WORK INSTRUCTIONS => For the word "define", tally the lines of the data that contain it and give the tally alone.

═════ EXTRACTED ENTRIES

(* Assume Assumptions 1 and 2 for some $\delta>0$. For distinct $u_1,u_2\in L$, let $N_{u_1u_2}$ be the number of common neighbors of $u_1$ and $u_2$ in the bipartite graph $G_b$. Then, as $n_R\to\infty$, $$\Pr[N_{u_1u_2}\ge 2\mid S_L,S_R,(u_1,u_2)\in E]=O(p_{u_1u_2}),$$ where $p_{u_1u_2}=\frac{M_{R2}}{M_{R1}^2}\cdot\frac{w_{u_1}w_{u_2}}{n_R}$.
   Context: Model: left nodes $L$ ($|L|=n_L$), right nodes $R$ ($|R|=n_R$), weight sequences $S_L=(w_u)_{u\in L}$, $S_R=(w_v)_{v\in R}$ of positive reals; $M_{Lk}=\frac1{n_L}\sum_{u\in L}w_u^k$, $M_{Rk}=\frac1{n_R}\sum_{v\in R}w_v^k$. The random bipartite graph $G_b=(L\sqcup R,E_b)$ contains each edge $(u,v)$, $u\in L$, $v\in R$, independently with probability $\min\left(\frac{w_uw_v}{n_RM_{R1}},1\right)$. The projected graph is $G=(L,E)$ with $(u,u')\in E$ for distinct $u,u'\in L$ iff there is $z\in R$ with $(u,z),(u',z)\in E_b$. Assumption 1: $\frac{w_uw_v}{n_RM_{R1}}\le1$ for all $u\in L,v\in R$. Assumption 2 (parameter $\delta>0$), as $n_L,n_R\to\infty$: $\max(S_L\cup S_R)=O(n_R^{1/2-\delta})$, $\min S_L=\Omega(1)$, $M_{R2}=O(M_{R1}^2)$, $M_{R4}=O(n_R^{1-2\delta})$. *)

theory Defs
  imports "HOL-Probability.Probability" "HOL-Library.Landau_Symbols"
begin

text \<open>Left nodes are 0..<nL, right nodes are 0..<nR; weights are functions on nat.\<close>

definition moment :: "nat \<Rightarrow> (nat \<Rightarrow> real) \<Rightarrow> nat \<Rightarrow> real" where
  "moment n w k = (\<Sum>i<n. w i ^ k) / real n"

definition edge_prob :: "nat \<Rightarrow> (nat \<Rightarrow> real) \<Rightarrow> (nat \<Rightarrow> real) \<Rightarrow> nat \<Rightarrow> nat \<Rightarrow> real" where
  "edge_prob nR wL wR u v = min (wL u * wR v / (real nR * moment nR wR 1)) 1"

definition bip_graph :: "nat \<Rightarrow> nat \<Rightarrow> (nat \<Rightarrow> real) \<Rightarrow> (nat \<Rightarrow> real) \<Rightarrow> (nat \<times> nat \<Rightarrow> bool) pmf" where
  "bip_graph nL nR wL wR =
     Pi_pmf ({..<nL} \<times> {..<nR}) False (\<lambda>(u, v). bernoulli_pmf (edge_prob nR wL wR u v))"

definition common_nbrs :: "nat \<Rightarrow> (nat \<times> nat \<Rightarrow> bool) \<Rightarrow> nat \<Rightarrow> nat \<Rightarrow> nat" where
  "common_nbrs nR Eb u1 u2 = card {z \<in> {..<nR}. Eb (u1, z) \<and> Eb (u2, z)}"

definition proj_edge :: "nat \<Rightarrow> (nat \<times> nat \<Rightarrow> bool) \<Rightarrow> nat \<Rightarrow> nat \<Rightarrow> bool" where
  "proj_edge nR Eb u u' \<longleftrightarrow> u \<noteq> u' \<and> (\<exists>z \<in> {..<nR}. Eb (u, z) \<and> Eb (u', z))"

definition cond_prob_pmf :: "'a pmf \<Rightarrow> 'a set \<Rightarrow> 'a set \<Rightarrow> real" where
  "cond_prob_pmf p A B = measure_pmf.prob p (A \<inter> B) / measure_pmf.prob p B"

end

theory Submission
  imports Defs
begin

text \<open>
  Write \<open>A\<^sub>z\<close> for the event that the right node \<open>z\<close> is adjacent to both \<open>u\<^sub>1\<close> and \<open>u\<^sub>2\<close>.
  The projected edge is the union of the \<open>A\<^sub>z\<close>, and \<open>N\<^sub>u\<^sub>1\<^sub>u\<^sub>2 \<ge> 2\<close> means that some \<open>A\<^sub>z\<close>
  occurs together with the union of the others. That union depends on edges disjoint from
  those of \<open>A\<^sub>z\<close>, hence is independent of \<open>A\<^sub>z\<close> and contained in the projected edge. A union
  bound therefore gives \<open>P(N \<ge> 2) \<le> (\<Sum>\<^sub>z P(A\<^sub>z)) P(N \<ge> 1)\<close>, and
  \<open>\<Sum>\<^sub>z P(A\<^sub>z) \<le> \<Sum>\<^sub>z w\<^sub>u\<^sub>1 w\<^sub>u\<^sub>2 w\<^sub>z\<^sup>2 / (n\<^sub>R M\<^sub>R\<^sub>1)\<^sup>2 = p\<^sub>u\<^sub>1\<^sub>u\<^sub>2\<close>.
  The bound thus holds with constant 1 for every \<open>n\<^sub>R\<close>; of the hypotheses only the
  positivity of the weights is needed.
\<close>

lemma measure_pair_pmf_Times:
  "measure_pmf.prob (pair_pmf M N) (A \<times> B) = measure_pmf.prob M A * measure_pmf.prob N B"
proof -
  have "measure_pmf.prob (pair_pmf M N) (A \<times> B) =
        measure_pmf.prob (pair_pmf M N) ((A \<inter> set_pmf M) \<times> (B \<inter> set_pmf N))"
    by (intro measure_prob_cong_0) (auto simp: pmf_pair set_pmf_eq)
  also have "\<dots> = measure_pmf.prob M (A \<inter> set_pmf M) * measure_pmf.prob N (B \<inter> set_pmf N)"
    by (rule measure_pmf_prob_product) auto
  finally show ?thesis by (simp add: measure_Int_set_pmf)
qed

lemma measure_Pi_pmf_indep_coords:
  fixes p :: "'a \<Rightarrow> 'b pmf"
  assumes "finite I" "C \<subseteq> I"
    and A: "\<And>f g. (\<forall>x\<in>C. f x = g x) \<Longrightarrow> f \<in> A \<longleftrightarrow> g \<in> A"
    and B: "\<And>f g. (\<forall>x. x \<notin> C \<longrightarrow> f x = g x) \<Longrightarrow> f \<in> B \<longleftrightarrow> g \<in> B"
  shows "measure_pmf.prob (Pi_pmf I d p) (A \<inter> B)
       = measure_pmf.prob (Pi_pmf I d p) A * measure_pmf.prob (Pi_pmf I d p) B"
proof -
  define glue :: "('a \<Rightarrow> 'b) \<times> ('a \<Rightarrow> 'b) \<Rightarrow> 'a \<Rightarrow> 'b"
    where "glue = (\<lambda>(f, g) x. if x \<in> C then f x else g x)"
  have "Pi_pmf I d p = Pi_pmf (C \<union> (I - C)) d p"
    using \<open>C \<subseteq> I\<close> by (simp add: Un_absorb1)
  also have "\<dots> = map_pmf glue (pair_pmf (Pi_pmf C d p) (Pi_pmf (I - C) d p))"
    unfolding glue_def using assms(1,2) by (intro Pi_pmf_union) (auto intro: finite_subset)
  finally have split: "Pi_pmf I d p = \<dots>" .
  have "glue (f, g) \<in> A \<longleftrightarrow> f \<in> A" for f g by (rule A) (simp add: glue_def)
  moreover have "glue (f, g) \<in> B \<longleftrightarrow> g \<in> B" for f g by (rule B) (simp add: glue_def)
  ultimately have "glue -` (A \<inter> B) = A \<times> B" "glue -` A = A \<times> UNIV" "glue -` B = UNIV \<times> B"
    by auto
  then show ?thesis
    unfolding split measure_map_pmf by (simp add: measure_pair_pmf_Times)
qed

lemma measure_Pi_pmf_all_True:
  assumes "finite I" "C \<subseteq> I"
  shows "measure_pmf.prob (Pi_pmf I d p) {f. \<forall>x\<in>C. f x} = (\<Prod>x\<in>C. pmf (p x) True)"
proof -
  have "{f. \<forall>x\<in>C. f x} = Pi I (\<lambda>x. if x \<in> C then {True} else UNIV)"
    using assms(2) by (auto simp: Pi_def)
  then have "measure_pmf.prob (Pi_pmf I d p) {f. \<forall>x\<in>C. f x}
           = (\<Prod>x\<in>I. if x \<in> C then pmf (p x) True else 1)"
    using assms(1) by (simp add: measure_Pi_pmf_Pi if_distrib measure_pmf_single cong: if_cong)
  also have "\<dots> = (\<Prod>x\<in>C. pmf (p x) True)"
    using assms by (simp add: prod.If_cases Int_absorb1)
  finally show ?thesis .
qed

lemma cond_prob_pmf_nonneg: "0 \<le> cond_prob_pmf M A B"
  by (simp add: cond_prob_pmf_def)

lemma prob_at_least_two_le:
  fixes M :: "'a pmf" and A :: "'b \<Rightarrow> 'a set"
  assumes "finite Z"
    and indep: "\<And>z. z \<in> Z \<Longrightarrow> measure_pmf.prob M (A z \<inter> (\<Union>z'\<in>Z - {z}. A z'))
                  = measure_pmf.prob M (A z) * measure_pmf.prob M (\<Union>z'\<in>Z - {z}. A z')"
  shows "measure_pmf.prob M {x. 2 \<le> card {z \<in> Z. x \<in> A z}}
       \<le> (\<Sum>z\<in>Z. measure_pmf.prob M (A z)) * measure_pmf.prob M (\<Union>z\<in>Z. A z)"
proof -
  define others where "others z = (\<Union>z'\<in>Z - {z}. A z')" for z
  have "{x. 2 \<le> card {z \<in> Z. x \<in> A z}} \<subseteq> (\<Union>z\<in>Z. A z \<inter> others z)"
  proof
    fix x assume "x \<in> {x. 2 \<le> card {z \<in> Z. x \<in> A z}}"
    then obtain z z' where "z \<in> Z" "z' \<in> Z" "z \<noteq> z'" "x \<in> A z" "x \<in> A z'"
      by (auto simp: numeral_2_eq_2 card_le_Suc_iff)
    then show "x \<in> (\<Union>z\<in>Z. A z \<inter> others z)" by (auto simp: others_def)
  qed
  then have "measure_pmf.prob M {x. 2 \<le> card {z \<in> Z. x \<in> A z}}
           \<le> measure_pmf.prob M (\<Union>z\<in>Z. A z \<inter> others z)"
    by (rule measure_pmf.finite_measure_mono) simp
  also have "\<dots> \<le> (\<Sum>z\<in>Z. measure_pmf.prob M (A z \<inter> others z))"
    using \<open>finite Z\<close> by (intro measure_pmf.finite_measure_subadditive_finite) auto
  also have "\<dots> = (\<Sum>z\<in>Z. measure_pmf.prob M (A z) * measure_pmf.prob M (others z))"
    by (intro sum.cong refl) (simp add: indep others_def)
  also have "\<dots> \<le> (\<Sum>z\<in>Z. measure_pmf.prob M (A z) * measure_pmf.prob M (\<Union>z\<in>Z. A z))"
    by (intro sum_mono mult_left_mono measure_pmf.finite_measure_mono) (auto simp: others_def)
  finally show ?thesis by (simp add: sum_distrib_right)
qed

══════════

OUTPUT FOR THIS TASK => 2